When Victor (Jay Baruchel) returns to Montreal after working in China, he’s immediately drawn to the other English-speaking residents of his new apartment building. Louise (Emily Hampshire) is a surly cat person who doesn’t really connect with other people. Spencer (Scott Speedman) is a lonely, wheelchair-bound man who’s still mourning the loss of his wife. And both are fascinated by the ongoing reports of a serial killer who’s stalking their neighborhood.

After Louise’s coworker is killed on her way home from work, Victor begins escorting her home each night. The two become friends—and Victor soon finds himself falling for his rather cold and distant neighbor. But nothing in this apartment building is quite as it seems—and as the characters’ true identities and capabilities are revealed, the story takes an even darker and more disturbing turn.

Really, though, Good Neighbors is already quite dark and eerie right from the start. Director Jacob Tierney gives the film a haunting and even paranoid tone, using both the atmosphere of the old apartment building and plenty of musical cues to set the stage for the creepiness to come. From the beginning of the film, you’ll suspect that things in the building aren’t quite right, but you won’t know whether it has something to do with anti-social Louise, geeky and mysterious newcomer Victor, or Spencer, whose unwillingness to leave his apartment—combined with his disturbing, cat-like grin—will give you chills.

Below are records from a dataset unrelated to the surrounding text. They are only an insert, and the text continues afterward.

lemma L_NSM_expfam:
  fixes T :: "real^'n::finite \<Rightarrow> real^'m::finite"
  assumes n: "n > 0" and T: "twice_differentiable_vec T" and b: "twice_differentiable b"
    and q_density: "\<forall>\<theta>. integrable lborel (\<lambda>x. exp (T x \<bullet> \<theta> + b x))"
  shows "real n * L_NSM w (expfam T b) n ys \<theta>
           = real n * L_NSM w (expfam T b) n ys 0 + (\<Sum>i=1..n. nsm_quadratic w T b (ys i) \<theta>)"
proof -
  have summand: "(w z)\<^sup>2 * (norm (grad (\<lambda>x. ln (expfam T b \<phi> x)) z))\<^sup>2
      + 2 * (grad (\<lambda>x. (w x)\<^sup>2) z \<bullet> grad (\<lambda>x. ln (expfam T b \<phi> x)) z)
      + 2 * (w z)\<^sup>2 * lap (\<lambda>x. ln (expfam T b \<phi> x)) z
    = (w z)\<^sup>2 * (norm (grad b z))\<^sup>2 + 2 * (grad (\<lambda>x. (w x)\<^sup>2) z \<bullet> grad b z) + 2 * (w z)\<^sup>2 * lap b z
      + nsm_quadratic w T b z \<phi>" for z \<phi>
    unfolding grad_ln_expfam[OF T b q_density[rule_format]] lap_ln_expfam[OF T b q_density[rule_format]]
      nsm_quadratic_def power2_norm_eq_inner
    by (simp add: inner_add_left inner_add_right inner_commute algebra_simps)
  show ?thesis
    unfolding L_NSM_def summand sum.distrib using n by (simp add: nsm_quadratic_def)
qed
(* Let $\mathcal A=(Q,d,T_u,T_f,T_s,\emptyset)$ be an ABVASS, $q_r\in Q$, $\vec v_0\in\mathbb N^d$ and $Q_\ell\subseteq Q$. If $\mathcal A$ has a $(q_r,\vec v_0)$-rooted $Q_\ell$-leaf-covering deduction tree, then it has such a deduction tree of height at most $H(d,|Q|,\max^-(T_u))$.
   Context: An ABVASS is a tuple $\mathcal A=(Q,d,T_u,T_f,T_s,\emptyset)$ with $Q$ a finite set of states, $d\in\mathbb N$, and finite sets of unary rules $T_u\subseteq Q\times\mathbb Z^d\times Q$, fork rules $T_f\subseteq Q^3$, split rules $T_s\subseteq Q^3$. A deduction tree is a finite tree labelled by configurations $(q,\vec v)\in Q\times\mathbb N^d$ where each internal node $(q,\vec v)$ has either one child $(q_1,\vec v+\vec u)\in Q\times\mathbb N^d$ for a unary rule $(q,\vec u,q_1)$, two children $(q_1,\vec v),(q_2,\vec v)$ for a fork rule $(q,q_1,q_2)$, or two children $(q_1,\vec v_1),(q_2,\vec v_2)$ with $\vec v_1+\vec v_2=\vec v$ for a split rule $(q,q_1,q_2)$. It is $(q_r,\vec v_0)$-rooted if its root is labelled $(q_r,\vec v_0)$, $Q_\ell$-leaf-covering if every leaf label $(q,\vec v)$ has $q\in Q_\ell$ (no condition on $\vec v$), and its height is the maximum number of edges on a root-to-leaf path. $\max^-(T_u)$ is the largest absolute value of a negative integer occurring in a vector of $T_u$ (and $0$ if there is none). For integers $d,m\ge0$, $s\ge1$: $H(0,s,m)=s$ and $H(d+1,s,m)=s\,(m\cdot 2^{H(d,s,m)})^{d+1}+H(d,s,m)$. *)

theory Defs
  imports Main
begin

text \<open>ABVASS without the (here empty) last component. Vectors in Z^d / N^d are
  lists of length d.\<close>

record 'q abvass =
  states :: "'q set"
  dim    :: nat
  unary  :: "('q \<times> int list \<times> 'q) set"
  fork   :: "('q \<times> 'q \<times> 'q) set"
  split  :: "('q \<times> 'q \<times> 'q) set"

definition wf_abvass :: "'q abvass \<Rightarrow> bool" where
  "wf_abvass A \<longleftrightarrow> finite (states A)
     \<and> finite (unary A) \<and> finite (fork A) \<and> finite (split A)
     \<and> (\<forall>(q,u,q1)\<in>unary A. q \<in> states A \<and> q1 \<in> states A \<and> length u = dim A)
     \<and> (\<forall>(q,q1,q2)\<in>fork A. q \<in> states A \<and> q1 \<in> states A \<and> q2 \<in> states A)
     \<and> (\<forall>(q,q1,q2)\<in>split A. q \<in> states A \<and> q1 \<in> states A \<and> q2 \<in> states A)"

datatype 'q dtree = Node "'q \<times> nat list" "'q dtree list"

fun label :: "'q dtree \<Rightarrow> 'q \<times> nat list" where
  "label (Node l cs) = l"

definition vadd :: "nat list \<Rightarrow> int list \<Rightarrow> int list" where
  "vadd v u = map2 (\<lambda>a b. int a + b) v u"

definition is_config :: "'q abvass \<Rightarrow> 'q \<times> nat list \<Rightarrow> bool" where
  "is_config A c \<longleftrightarrow> fst c \<in> states A \<and> length (snd c) = dim A"

definition step_ok :: "'q abvass \<Rightarrow> 'q \<times> nat list \<Rightarrow> ('q \<times> nat list) list \<Rightarrow> bool" where
  "step_ok A c ls \<longleftrightarrow>
     (case ls of
        [] \<Rightarrow> True
      | [c1] \<Rightarrow> (\<exists>u. (fst c, u, fst c1) \<in> unary A \<and> map int (snd c1) = vadd (snd c) u)
      | [c1, c2] \<Rightarrow>
          ((fst c, fst c1, fst c2) \<in> fork A \<and> snd c1 = snd c \<and> snd c2 = snd c)
          \<or> ((fst c, fst c1, fst c2) \<in> split A \<and> map2 (+) (snd c1) (snd c2) = snd c)
      | _ \<Rightarrow> False)"

fun deduction_tree :: "'q abvass \<Rightarrow> 'q dtree \<Rightarrow> bool" where
  "deduction_tree A (Node c cs) \<longleftrightarrow>
     is_config A c \<and> step_ok A c (map label cs) \<and> (\<forall>t\<in>set cs. deduction_tree A t)"

fun leaf_covering :: "'q set \<Rightarrow> 'q dtree \<Rightarrow> bool" where
  "leaf_covering Ql (Node c cs) \<longleftrightarrow>
     (if cs = [] then fst c \<in> Ql else (\<forall>t\<in>set cs. leaf_covering Ql t))"

fun height :: "'q dtree \<Rightarrow> nat" where
  "height (Node c cs) = (if cs = [] then 0 else Suc (fold max (map height cs) 0))"

definition max_neg :: "'q abvass \<Rightarrow> nat" where
  "max_neg A = Max (insert 0 {nat (- x) | x q u q1. (q, u, q1) \<in> unary A \<and> x \<in> set u \<and> x < 0})"

fun H :: "nat \<Rightarrow> nat \<Rightarrow> nat \<Rightarrow> nat" where
  "H 0 s m = s"
| "H (Suc d) s m = s * (m * 2 ^ H d s m) ^ (d + 1) + H d s m"

end

theory Submission
  imports Defs "HOL-Library.FuncSet"
begin

text \<open>Induction on the number of coordinates. Write \<open>h\<close> for the bound in one dimension less
  and \<open>B = m \<cdot> 2\<^sup>h\<close>. If some coordinate of a coverable configuration is at least \<open>B\<close>, drop
  it, shorten the tree for the remaining coordinates to height \<open>h\<close>, and put the coordinate back:
  along a tree of height \<open>h\<close> it can be distributed over the splits so that no unary rule drives
  it negative. The configurations with all coordinates below \<open>B\<close> are at most \<open>|Q| \<cdot> B\<^sup>d\<close>
  many, and the set of those coverable within height \<open>h + k\<close> grows with \<open>k\<close> until it
  stabilises, which happens after at most \<open>|Q| \<cdot> B\<^sup>d\<close> steps.\<close>

section \<open>Deduction trees on a set of coordinates\<close>

definition zext :: "int list \<Rightarrow> nat \<Rightarrow> int" where
  "zext u i = (if i < length u then u ! i else 0)"

definition proj :: "nat set \<Rightarrow> (nat \<Rightarrow> int) \<Rightarrow> nat \<Rightarrow> int" where
  "proj J f i = (if i \<in> J then f i else 0)"

definition proj_config :: "'q abvass \<Rightarrow> nat set \<Rightarrow> 'q \<Rightarrow> (nat \<Rightarrow> int) \<Rightarrow> bool" where
  "proj_config A J q v \<longleftrightarrow> q \<in> states A \<and> (\<forall>i\<in>J. 0 \<le> v i) \<and> (\<forall>i. i \<notin> J \<longrightarrow> v i = 0)"

text \<open>\<open>coverable A Ql J n q v\<close>: there is a \<open>Ql\<close>-leaf-covering deduction tree of height at most
  \<open>n\<close> rooted at \<open>(q, v)\<close> in the system that only keeps the coordinates in \<open>J\<close>.\<close>

inductive coverable :: "'q abvass \<Rightarrow> 'q set \<Rightarrow> nat set \<Rightarrow> nat \<Rightarrow> 'q \<Rightarrow> (nat \<Rightarrow> int) \<Rightarrow> bool"
  for A Ql J where
  leaf: "proj_config A J q v \<Longrightarrow> q \<in> Ql \<Longrightarrow> coverable A Ql J n q v"
| unary: "proj_config A J q v \<Longrightarrow> (q, u, q1) \<in> unary A
    \<Longrightarrow> coverable A Ql J n q1 (proj J (\<lambda>i. v i + zext u i)) \<Longrightarrow> coverable A Ql J (Suc n) q v"
| fork: "proj_config A J q v \<Longrightarrow> (q, q1, q2) \<in> fork A
    \<Longrightarrow> coverable A Ql J n q1 v \<Longrightarrow> coverable A Ql J n q2 v \<Longrightarrow> coverable A Ql J (Suc n) q v"
| split: "proj_config A J q v \<Longrightarrow> (q, q1, q2) \<in> split A
    \<Longrightarrow> coverable A Ql J n q1 v1 \<Longrightarrow> coverable A Ql J n q2 v2 \<Longrightarrow> \<forall>i. v1 i + v2 i = v i
    \<Longrightarrow> coverable A Ql J (Suc n) q v"

lemma coverable_proj_config: "coverable A Ql J n q v \<Longrightarrow> proj_config A J q v"
  by (induction rule: coverable.induct) auto

lemma coverable_mono: "coverable A Ql J n q v \<Longrightarrow> n \<le> n' \<Longrightarrow> coverable A Ql J n' q v"
proof (induction arbitrary: n' rule: coverable.induct)
  case (leaf q v n)
  then show ?case by (auto intro: coverable.leaf)
next
  case (unary q v u q1 n)
  then obtain k where "n' = Suc k" "n \<le> k" by (cases n') auto
  with unary show ?case by (auto intro: coverable.unary)
next
  case (fork q v q1 q2 n)
  then obtain k where "n' = Suc k" "n \<le> k" by (cases n') auto
  with fork show ?case by (auto intro: coverable.fork)
next
  case (split q v q1 q2 n v1 v2)
  then obtain k where "n' = Suc k" "n \<le> k" by (cases n') auto
  with split show ?case by (auto intro: coverable.split)
qed
(* In the bandit setting, let $\beta=\frac1K$ and run Gaptron with gap map $a(\mathbf W_t,\mathbf x_t)=1-\max\{\mathbb 1[m_t^\star>\beta],\,m_t^\star\}$, exploration rate $\gamma=\min\Big\{1,\sqrt{\frac{K^3X^2D^2}{2(1-\beta)(K-1)T}}\Big\}$, learning rate $\eta=\frac{\gamma(1-\beta)}{K^2X^2}$, and the bandit multiclass hinge loss $$\ell_t(\mathbf W)=\begin{cases}\frac{\mathbb 1[y'_t=y_t]}{p'_t(y'_t)}\max\{1-m_t(\mathbf W,y_t),0\}&\text{if } m_t^\star\le\beta,\\ \frac{\mathbb 1[y'_t=y_t]}{p'_t(y'_t)}\max\{1-m_t(\mathbf W,y_t),0\}&\text{if } y_t^\star\ne y_t\text{ and } m_t^\star>\beta,\\ 0&\text{if } y'_t=y_t^\star=y_t\text{ and } m_t^\star>\beta.\end{cases}$$ Then for every $\mathbf U\in\mathcal W$, $$\mathbb E\Big[\sum_{t=1}^T\mathbb 1[y'_t\ne y_t]\Big]\le\mathbb E\Big[\sum_{t=1}^T\ell_t(\mathbf U)\Big]+\max\Big\{\frac{K^3X^2D^2}{K-1},\ 2KXD\sqrt{\frac T2}\Big\}.$$
   Context: Setting and notation. Fix integers $K\ge 2$, $d\ge1$, $T\ge1$ and reals $X>0$, $D>0$. Matrices $\mathbf W\in\mathbb{R}^{K\times d}$ have rows $\mathbf W^1,\dots,\mathbf W^K\in\mathbb{R}^d$ and are identified with vectors in $\mathbb{R}^{Kd}$; $\langle\cdot,\cdot\rangle$ is the Euclidean inner product and $\|\cdot\|$ the Euclidean (Frobenius) norm. $\mathcal W=\{\mathbf W:\|\mathbf W\|\le D\}$. $\mathbf e_k$ is the $k$-th standard basis vector of $\mathbb R^K$ and $\mathbf 1\in\mathbb R^K$ the all-ones vector. In each round $t=1,\dots,T$ the environment chooses a label $y_t\in\{1,\dots,K\}$ and a feature vector $\mathbf x_t\in\mathbb R^d$ with $\|\mathbf x_t\|\le X$ (possibly depending on the learner's past predictions $y'_1,\dots,y'_{t-1}$ but not on its current random draw); the learner sees $\mathbf x_t$, outputs a random label $y'_t$, and then observes $y_t$ (full-information setting) or only $\mathbb 1[y'_t\ne y_t]$ (bandit setting). Gaptron, with learning rate $\eta>0$, exploration rate $\gamma\in[0,1]$, gap map $a:\mathbb R^{K\times d}\times\mathbb R^d\to[0,1]$ and loss functions $\ell_t$: set $\mathbf W_1=\mathbf 0$; for $t=1,\dots,T$: let $y_t^\star=\arg\max_k\langle \mathbf W_t^k,\mathbf x_t\rangle$ (ties broken arbitrarily), $a_t=a(\mathbf W_t,\mathbf x_t)$, $\mathbf p'_t=(1-\max\{a_t,\gamma\})\mathbf e_{y_t^\star}+\max\{a_t,\gamma\}\frac1K\mathbf 1$; draw $y'_t\sim\mathbf p'_t$ ($p'_t(k)$ denotes the probability of label $k$); set $\mathbf g_t=\nabla\ell_t(\mathbf W_t)$; update $\mathbf W_{t+1}=\arg\min_{\mathbf W\in\mathcal W}\ \eta\langle\mathbf g_t,\mathbf W\rangle+\frac12\|\mathbf W-\mathbf W_t\|^2$. $\mathbb E$ denotes expectation over the learner's randomization. Margins: $m_t(\mathbf W,y)=\langle\mathbf W^y,\mathbf x_t\rangle-\max_{k\ne y}\langle\mathbf W^k,\mathbf x_t\rangle$ and $m_t^\star=\max_k m_t(\mathbf W_t,k)$, where $\mathbf W_t$ is Gaptron's current iterate; in the definition of $\ell_t$ the case distinction uses $y_t^\star$ and $m_t^\star$ computed from $\mathbf W_t$. Where $\ell_t$ is nonzero and the hinge is active, $\mathbf g_t=\frac{\mathbb 1[y'_t=y_t]}{p'_t(y'_t)}(\mathbf e_{\tilde k}-\mathbf e_{y_t})\otimes\mathbf x_t$ with $\tilde k=\arg\max_{k\ne y_t}\langle\mathbf W_t^k,\mathbf x_t\rangle$, where $\mathbf v\otimes\mathbf x$ is the $K\times d$ matrix with rows $v_k\mathbf x$. *)

theory Defs
  imports "HOL-Analysis.Analysis" "HOL-Probability.Probability"
begin

text \<open>Labels are elements of a finite type 'k (K = CARD('k)); features are in real^'d;
  a weight matrix W is an element of real^'d^'k (row W$k), whose norm is the Frobenius norm.\<close>

type_synonym ('d,'k) wmat = "real^'d^'k"

definition margin :: "('d::finite,'k::finite) wmat \<Rightarrow> real^'d \<Rightarrow> 'k \<Rightarrow> real" where
  "margin W x y = inner (W$y) x - Max {inner (W$k) x | k. k \<noteq> y}"

definition mstar :: "('d::finite,'k::finite) wmat \<Rightarrow> real^'d \<Rightarrow> real" where
  "mstar W x = Max (range (margin W x))"

definition is_argmax_rule :: "(('d::finite,'k::finite) wmat \<Rightarrow> real^'d \<Rightarrow> 'k) \<Rightarrow> bool" where
  "is_argmax_rule sel \<longleftrightarrow> (\<forall>W x k. inner (W$k) x \<le> inner (W$(sel W x)) x)"

definition is_argmax_other_rule :: "(('d::finite,'k::finite) wmat \<Rightarrow> real^'d \<Rightarrow> 'k \<Rightarrow> 'k) \<Rightarrow> bool" where
  "is_argmax_other_rule sel2 \<longleftrightarrow>
     (\<forall>W x y. sel2 W x y \<noteq> y \<and> (\<forall>k. k \<noteq> y \<longrightarrow> inner (W$k) x \<le> inner (W$(sel2 W x y)) x))"

definition gap_map :: "real \<Rightarrow> ('d::finite,'k::finite) wmat \<Rightarrow> real^'d \<Rightarrow> real" where
  "gap_map beta W x = 1 - max (if mstar W x > beta then 1 else 0) (mstar W x)"

text \<open>Prediction distribution p'_t = (1 - c) e_{y*} + c (1/K) 1, with c = max{a_t, gamma}.\<close>
definition pdist :: "(('d::finite,'k::finite) wmat \<Rightarrow> real^'d \<Rightarrow> 'k) \<Rightarrow> real \<Rightarrow> real
                     \<Rightarrow> ('d,'k) wmat \<Rightarrow> real^'d \<Rightarrow> 'k pmf" where
  "pdist sel gam a W x =
     bind_pmf (bernoulli_pmf (max a gam))
       (\<lambda>b. if b then pmf_of_set UNIV else return_pmf (sel W x))"

text \<open>Bandit multiclass hinge loss l_t evaluated at U (y* and m* are computed from W = W_t).\<close>
definition bloss :: "real \<Rightarrow> (('d::finite,'k::finite) wmat \<Rightarrow> real^'d \<Rightarrow> 'k) \<Rightarrow> ('d,'k) wmat
                     \<Rightarrow> real^'d \<Rightarrow> 'k \<Rightarrow> 'k \<Rightarrow> real \<Rightarrow> ('d,'k) wmat \<Rightarrow> real" where
  "bloss beta sel W x y y' p U =
     (if y' = sel W x \<and> sel W x = y \<and> mstar W x > beta then 0
      else (if y' = y then 1 / p else 0) * max (1 - margin U x y) 0)"

definition bgrad :: "real \<Rightarrow> (('d::finite,'k::finite) wmat \<Rightarrow> real^'d \<Rightarrow> 'k)
                     \<Rightarrow> (('d,'k) wmat \<Rightarrow> real^'d \<Rightarrow> 'k \<Rightarrow> 'k) \<Rightarrow> ('d,'k) wmat
                     \<Rightarrow> real^'d \<Rightarrow> 'k \<Rightarrow> 'k \<Rightarrow> real \<Rightarrow> ('d,'k) wmat" where
  "bgrad beta sel sel2 W x y y' p =
     (if y' = sel W x \<and> sel W x = y \<and> mstar W x > beta then 0
      else if y' = y \<and> 1 - margin W x y > 0
        then (1 / p) *\<^sub>R (\<chi> k. ((if k = sel2 W x y then 1 else 0) - (if k = y then 1 else 0)) *\<^sub>R x)
        else 0)"

definition proj_step :: "real \<Rightarrow> real \<Rightarrow> ('d::finite,'k::finite) wmat \<Rightarrow> ('d,'k) wmat \<Rightarrow> ('d,'k) wmat" where
  "proj_step eta D W g =
     (SOME V. norm V \<le> D \<and>
        (\<forall>V'. norm V' \<le> D \<longrightarrow>
           eta * inner g V + (norm (V - W))\<^sup>2 / 2 \<le> eta * inner g V' + (norm (V' - W))\<^sup>2 / 2))"

text \<open>Iterates: Wt ... h t is W_{t+1} (0-indexed rounds) given the learner's predictions h
  (h ! t is the prediction of round t, env (take t h) = (y_t, x_t)).\<close>
primrec Wt :: "('k::finite list \<Rightarrow> 'k \<times> (real^'d::finite)) \<Rightarrow> (('d,'k) wmat \<Rightarrow> real^'d \<Rightarrow> 'k)
               \<Rightarrow> (('d,'k) wmat \<Rightarrow> real^'d \<Rightarrow> 'k \<Rightarrow> 'k) \<Rightarrow> real \<Rightarrow> real \<Rightarrow> real \<Rightarrow> real
               \<Rightarrow> 'k list \<Rightarrow> nat \<Rightarrow> ('d,'k) wmat" where
  "Wt env sel sel2 beta gam eta D h 0 = 0"
| "Wt env sel sel2 beta gam eta D h (Suc t) =
     (let W = Wt env sel sel2 beta gam eta D h t;
          y = fst (env (take t h)); x = snd (env (take t h));
          P = pdist sel gam (gap_map beta W x) W x;
          y' = h ! t
      in proj_step eta D W (bgrad beta sel sel2 W x y y' (pmf P y')))"

definition Pt :: "('k::finite list \<Rightarrow> 'k \<times> (real^'d::finite)) \<Rightarrow> (('d,'k) wmat \<Rightarrow> real^'d \<Rightarrow> 'k)
               \<Rightarrow> (('d,'k) wmat \<Rightarrow> real^'d \<Rightarrow> 'k \<Rightarrow> 'k) \<Rightarrow> real \<Rightarrow> real \<Rightarrow> real \<Rightarrow> real
               \<Rightarrow> 'k list \<Rightarrow> nat \<Rightarrow> 'k pmf" where
  "Pt env sel sel2 beta gam eta D h t =
     (let W = Wt env sel sel2 beta gam eta D h t; x = snd (env (take t h))
      in pdist sel gam (gap_map beta W x) W x)"

primrec hist :: "('k::finite list \<Rightarrow> 'k \<times> (real^'d::finite)) \<Rightarrow> (('d,'k) wmat \<Rightarrow> real^'d \<Rightarrow> 'k)
               \<Rightarrow> (('d,'k) wmat \<Rightarrow> real^'d \<Rightarrow> 'k \<Rightarrow> 'k) \<Rightarrow> real \<Rightarrow> real \<Rightarrow> real \<Rightarrow> real
               \<Rightarrow> nat \<Rightarrow> 'k list pmf" where
  "hist env sel sel2 beta gam eta D 0 = return_pmf []"
| "hist env sel sel2 beta gam eta D (Suc t) =
     bind_pmf (hist env sel sel2 beta gam eta D t)
       (\<lambda>h. map_pmf (\<lambda>y'. h @ [y']) (Pt env sel sel2 beta gam eta D h t))"

definition loss_t :: "('k::finite list \<Rightarrow> 'k \<times> (real^'d::finite)) \<Rightarrow> (('d,'k) wmat \<Rightarrow> real^'d \<Rightarrow> 'k)
               \<Rightarrow> (('d,'k) wmat \<Rightarrow> real^'d \<Rightarrow> 'k \<Rightarrow> 'k) \<Rightarrow> real \<Rightarrow> real \<Rightarrow> real \<Rightarrow> real
               \<Rightarrow> 'k list \<Rightarrow> nat \<Rightarrow> ('d,'k) wmat \<Rightarrow> real" where
  "loss_t env sel sel2 beta gam eta D h t U =
     (let W = Wt env sel sel2 beta gam eta D h t;
          y = fst (env (take t h)); x = snd (env (take t h)); y' = h ! t
      in bloss beta sel W x y y' (pmf (Pt env sel sel2 beta gam eta D h t) y') U)"

end

theory Submission
  imports Defs
begin
lemma deriv_P_pen:
  assumes a: "a > 0" and x: "0 < x" "x < a * lam"
  shows "deriv (P_pen a lam) x = lam - x / a"
proof -
  have "((\<lambda>t. lam * t - t^2 / (2 * a)) has_real_derivative (lam - x / a)) (at x)"
    using a by (auto intro!: derivative_eq_intros simp: field_simps)
  then have "(P_pen a lam has_real_derivative (lam - x / a)) (at x)"
    by (rule has_field_derivative_transform_within_open[where S="{0<..<a*lam}"])
       (use x a in \<open>auto simp: P_pen_eq_quadratic\<close>)
  then show ?thesis by (rule DERIV_imp_deriv)
qed

lemma deriv2_P_pen:
  assumes a: "a > 0" and x: "0 < x" "x < a * lam"
  shows "deriv (deriv (P_pen a lam)) x = - 1 / a"
proof -
  have "((\<lambda>t. lam - t / a) has_real_derivative (- 1 / a)) (at x)"
    using a by (auto intro!: derivative_eq_intros)
  then have "(deriv (P_pen a lam) has_real_derivative (- 1 / a)) (at x)"
    by (rule has_field_derivative_transform_within_open[where S="{0<..<a*lam}"])
       (use x a in \<open>auto simp: deriv_P_pen\<close>)
  then show ?thesis by (rule DERIV_imp_deriv)
qed

lemma S3ONC_abs_sigma_notin:
  fixes X :: "real^'p^'p"
  assumes S3ONC: "S3ONC a lam UL f n Zs X" and "0 < a" "0 < UL" "a < 1 / UL"
    and j: "j \<in> {1..CARD('p)}"
  shows "\<bar>sigma X j\<bar> \<notin> {0<..<a * lam}"
proof
  assume "\<bar>sigma X j\<bar> \<in> {0<..<a * lam}"
  moreover have "0 \<le> sigma X j"
    using S3ONC j psd_cone_sigma_nonneg by (auto simp: S3ONC_def)
  ultimately have "sigma X j \<in> {0<..<a * lam}" by simp
  then have "0 \<le> UL - 1 / a"
    using S3ONC j deriv2_P_pen[OF \<open>0 < a\<close>] by (auto simp: S3ONC_def)
  moreover have "UL < 1 / a"
    using \<open>0 < a\<close> \<open>0 < UL\<close> \<open>a < 1 / UL\<close> by (simp add: field_simps)
  ultimately show False by simp
qed

theorem proposition8:
  fixes M :: "'s measure"
    and Z :: "nat \<Rightarrow> 's \<Rightarrow> real^'q"
    and W :: "(real^'q) set"
    and f :: "real^'p^'p \<Rightarrow> real^'q \<Rightarrow> real"
    and n :: nat and a lam UL :: real
    and XR :: "'s \<Rightarrow> real^'p^'p"
  assumes "prob_space M"
    and "n \<ge> 1"
    and "a > 0" and "lam > 0" and "UL \<ge> 1"
    and "\<forall>i\<in>{1..n}. Z i \<in> borel_measurable M"
    and "prob_space.indep_vars M (\<lambda>_. borel) Z {1..n}"
    and "\<forall>i\<in>{1..n}. distr M borel (Z i) = distr M borel (Z 1)"
    and "\<forall>i\<in>{1..n}. \<forall>\<omega>\<in>space M. Z i \<omega> \<in> W"
    and "(\<lambda>(X, z). f X z) \<in> borel_measurable borel"
    and "a < 1 / UL"
    and "\<forall>\<omega>\<in>space M. XR \<omega> \<in> psd_cone"
    and "AE \<omega> in M. S3ONC a lam UL f n (\<lambda>i. Z i \<omega>) (XR \<omega>)"
  shows "AE \<omega> in M. \<forall>j\<in>{1..CARD('p)}. \<bar>sigma (XR \<omega>) j\<bar> \<notin> {0<..<a * lam}"
proof -
  have "0 < UL" using \<open>UL \<ge> 1\<close> by simp
  from \<open>AE \<omega> in M. S3ONC a lam UL f n (\<lambda>i. Z i \<omega>) (XR \<omega>)\<close> show ?thesis
    by (rule eventually_mono)
      (use S3ONC_abs_sigma_notin \<open>0 < a\<close> \<open>0 < UL\<close> \<open>a < 1 / UL\<close> in blast)
qed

As the story plays out, it becomes darker and more sinister—not to mention shockingly graphic. Still, it all builds surprisingly slowly, gradually coming to a boil. By the end, as the story starts racing to its conclusion, it becomes tense and thrilling—but, admittedly, it takes a whole lot of time to get there.

Good Neighbors is definitely an eerie thriller. It’s dark and creepy, and it’s filled with fascinatingly disturbed characters. If you can stomach the occasional blood and guts—and if you’re patient enough to wait it out as the story plods through its slow boil—it’s an intriguingly disconcerting drama. And, if nothing else, it’ll give you a whole new appreciation for the batty old gossip down the street.